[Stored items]
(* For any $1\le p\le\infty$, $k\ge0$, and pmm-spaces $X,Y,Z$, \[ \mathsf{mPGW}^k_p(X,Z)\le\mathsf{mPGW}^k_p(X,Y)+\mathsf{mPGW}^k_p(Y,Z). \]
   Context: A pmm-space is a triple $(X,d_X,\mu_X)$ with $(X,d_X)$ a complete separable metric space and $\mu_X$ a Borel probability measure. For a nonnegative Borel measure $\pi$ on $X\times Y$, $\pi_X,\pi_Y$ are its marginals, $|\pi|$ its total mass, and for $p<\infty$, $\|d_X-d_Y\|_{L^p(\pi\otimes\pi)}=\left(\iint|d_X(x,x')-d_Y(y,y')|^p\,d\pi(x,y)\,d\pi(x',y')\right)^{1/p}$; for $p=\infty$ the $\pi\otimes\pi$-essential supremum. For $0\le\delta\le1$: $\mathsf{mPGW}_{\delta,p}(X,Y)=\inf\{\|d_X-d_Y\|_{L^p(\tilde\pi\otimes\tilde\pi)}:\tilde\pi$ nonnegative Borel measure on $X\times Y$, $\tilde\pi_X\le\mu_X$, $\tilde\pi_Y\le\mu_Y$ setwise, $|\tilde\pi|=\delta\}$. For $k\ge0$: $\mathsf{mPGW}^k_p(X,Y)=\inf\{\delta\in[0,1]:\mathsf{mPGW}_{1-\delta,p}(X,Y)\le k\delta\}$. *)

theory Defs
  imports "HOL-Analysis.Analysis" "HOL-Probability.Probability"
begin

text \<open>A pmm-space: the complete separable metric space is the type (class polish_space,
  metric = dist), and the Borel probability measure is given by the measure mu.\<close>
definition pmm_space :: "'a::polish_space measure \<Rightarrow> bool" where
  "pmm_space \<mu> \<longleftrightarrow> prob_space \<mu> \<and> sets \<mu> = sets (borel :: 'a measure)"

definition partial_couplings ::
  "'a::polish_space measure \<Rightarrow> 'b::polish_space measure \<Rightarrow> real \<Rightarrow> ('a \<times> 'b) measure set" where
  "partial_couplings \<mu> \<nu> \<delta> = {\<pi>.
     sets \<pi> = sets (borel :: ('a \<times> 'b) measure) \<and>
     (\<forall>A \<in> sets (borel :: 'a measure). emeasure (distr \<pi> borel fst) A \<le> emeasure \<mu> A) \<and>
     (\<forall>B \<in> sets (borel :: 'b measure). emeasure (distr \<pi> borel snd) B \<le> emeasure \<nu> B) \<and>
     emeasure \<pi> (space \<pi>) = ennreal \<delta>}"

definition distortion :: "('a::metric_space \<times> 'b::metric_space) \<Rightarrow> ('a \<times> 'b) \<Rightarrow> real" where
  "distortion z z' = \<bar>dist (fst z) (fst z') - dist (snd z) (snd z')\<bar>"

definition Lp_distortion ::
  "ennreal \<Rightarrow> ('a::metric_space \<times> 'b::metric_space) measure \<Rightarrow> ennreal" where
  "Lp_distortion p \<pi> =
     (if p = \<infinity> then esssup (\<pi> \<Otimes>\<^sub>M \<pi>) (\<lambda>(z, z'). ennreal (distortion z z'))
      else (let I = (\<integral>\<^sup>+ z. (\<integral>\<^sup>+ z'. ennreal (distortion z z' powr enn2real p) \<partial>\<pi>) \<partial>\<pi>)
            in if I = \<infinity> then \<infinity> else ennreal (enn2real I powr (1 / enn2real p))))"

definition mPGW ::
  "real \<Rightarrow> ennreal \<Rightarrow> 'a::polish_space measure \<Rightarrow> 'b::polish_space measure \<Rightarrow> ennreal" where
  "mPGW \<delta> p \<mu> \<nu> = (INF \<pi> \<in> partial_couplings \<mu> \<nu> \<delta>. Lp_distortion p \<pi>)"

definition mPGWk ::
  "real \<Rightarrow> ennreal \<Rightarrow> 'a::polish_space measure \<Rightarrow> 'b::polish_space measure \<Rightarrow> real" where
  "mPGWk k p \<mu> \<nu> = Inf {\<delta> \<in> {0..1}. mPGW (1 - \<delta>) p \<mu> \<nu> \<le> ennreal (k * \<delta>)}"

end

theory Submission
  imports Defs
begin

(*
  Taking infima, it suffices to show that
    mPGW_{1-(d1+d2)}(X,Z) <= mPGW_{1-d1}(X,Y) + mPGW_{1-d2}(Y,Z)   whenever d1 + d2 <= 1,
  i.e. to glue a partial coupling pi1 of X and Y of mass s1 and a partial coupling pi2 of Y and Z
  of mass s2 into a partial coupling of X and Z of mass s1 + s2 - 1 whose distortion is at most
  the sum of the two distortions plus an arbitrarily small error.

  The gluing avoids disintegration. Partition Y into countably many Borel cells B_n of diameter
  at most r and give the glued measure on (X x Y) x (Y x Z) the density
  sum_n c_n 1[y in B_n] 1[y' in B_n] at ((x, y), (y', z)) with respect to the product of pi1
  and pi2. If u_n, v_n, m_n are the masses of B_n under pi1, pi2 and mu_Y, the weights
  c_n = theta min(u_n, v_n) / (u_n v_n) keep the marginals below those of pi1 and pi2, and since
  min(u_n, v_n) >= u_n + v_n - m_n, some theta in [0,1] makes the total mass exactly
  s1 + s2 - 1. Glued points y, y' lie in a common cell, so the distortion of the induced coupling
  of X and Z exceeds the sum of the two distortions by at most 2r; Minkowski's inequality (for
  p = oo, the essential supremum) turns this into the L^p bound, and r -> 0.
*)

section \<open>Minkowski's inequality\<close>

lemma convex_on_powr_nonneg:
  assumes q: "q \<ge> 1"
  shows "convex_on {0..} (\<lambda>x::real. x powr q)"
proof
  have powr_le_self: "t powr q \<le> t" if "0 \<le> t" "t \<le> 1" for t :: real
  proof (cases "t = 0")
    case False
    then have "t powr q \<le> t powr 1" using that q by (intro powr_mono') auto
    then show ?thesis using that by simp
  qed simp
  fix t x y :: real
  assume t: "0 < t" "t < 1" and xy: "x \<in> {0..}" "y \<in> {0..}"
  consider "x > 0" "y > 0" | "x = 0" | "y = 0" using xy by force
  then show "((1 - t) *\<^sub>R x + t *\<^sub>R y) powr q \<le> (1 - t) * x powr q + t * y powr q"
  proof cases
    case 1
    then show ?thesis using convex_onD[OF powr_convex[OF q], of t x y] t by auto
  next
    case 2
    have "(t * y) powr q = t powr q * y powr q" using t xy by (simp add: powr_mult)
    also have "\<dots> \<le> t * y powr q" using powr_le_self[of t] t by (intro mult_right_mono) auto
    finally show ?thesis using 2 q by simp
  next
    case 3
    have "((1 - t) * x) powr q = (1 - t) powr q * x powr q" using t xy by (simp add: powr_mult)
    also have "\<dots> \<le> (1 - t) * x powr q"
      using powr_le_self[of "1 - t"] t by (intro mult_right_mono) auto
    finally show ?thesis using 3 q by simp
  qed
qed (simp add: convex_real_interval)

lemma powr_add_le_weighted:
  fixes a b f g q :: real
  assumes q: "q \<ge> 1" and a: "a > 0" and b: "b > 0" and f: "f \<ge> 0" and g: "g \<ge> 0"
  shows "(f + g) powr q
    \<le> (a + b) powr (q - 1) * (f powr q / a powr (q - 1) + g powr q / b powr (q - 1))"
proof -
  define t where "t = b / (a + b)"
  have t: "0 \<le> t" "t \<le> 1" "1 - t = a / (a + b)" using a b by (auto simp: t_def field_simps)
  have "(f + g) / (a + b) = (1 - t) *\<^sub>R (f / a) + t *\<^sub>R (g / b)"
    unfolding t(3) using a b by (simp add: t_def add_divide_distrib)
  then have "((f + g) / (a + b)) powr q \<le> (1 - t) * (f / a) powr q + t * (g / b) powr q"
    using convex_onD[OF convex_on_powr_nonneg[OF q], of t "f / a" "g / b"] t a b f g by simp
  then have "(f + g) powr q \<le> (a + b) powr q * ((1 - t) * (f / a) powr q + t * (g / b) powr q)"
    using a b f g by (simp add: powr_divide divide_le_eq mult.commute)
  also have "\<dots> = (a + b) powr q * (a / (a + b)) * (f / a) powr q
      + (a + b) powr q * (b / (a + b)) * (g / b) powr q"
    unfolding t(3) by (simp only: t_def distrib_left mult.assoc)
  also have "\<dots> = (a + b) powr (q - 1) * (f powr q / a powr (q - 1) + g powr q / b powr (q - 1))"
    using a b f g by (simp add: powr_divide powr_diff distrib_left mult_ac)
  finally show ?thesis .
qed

Prompt —
Beginning with the line above that contains "g) powr q \<le>", copy each line exactly up to and including the line that contains "b)) * (f / a) powr q", and go no further.

Solution —
  then have "(f + g) powr q \<le> (a + b) powr q * ((1 - t) * (f / a) powr q + t * (g / b) powr q)"
    using a b f g by (simp add: powr_divide divide_le_eq mult.commute)
  also have "\<dots> = (a + b) powr q * (a / (a + b)) * (f / a) powr q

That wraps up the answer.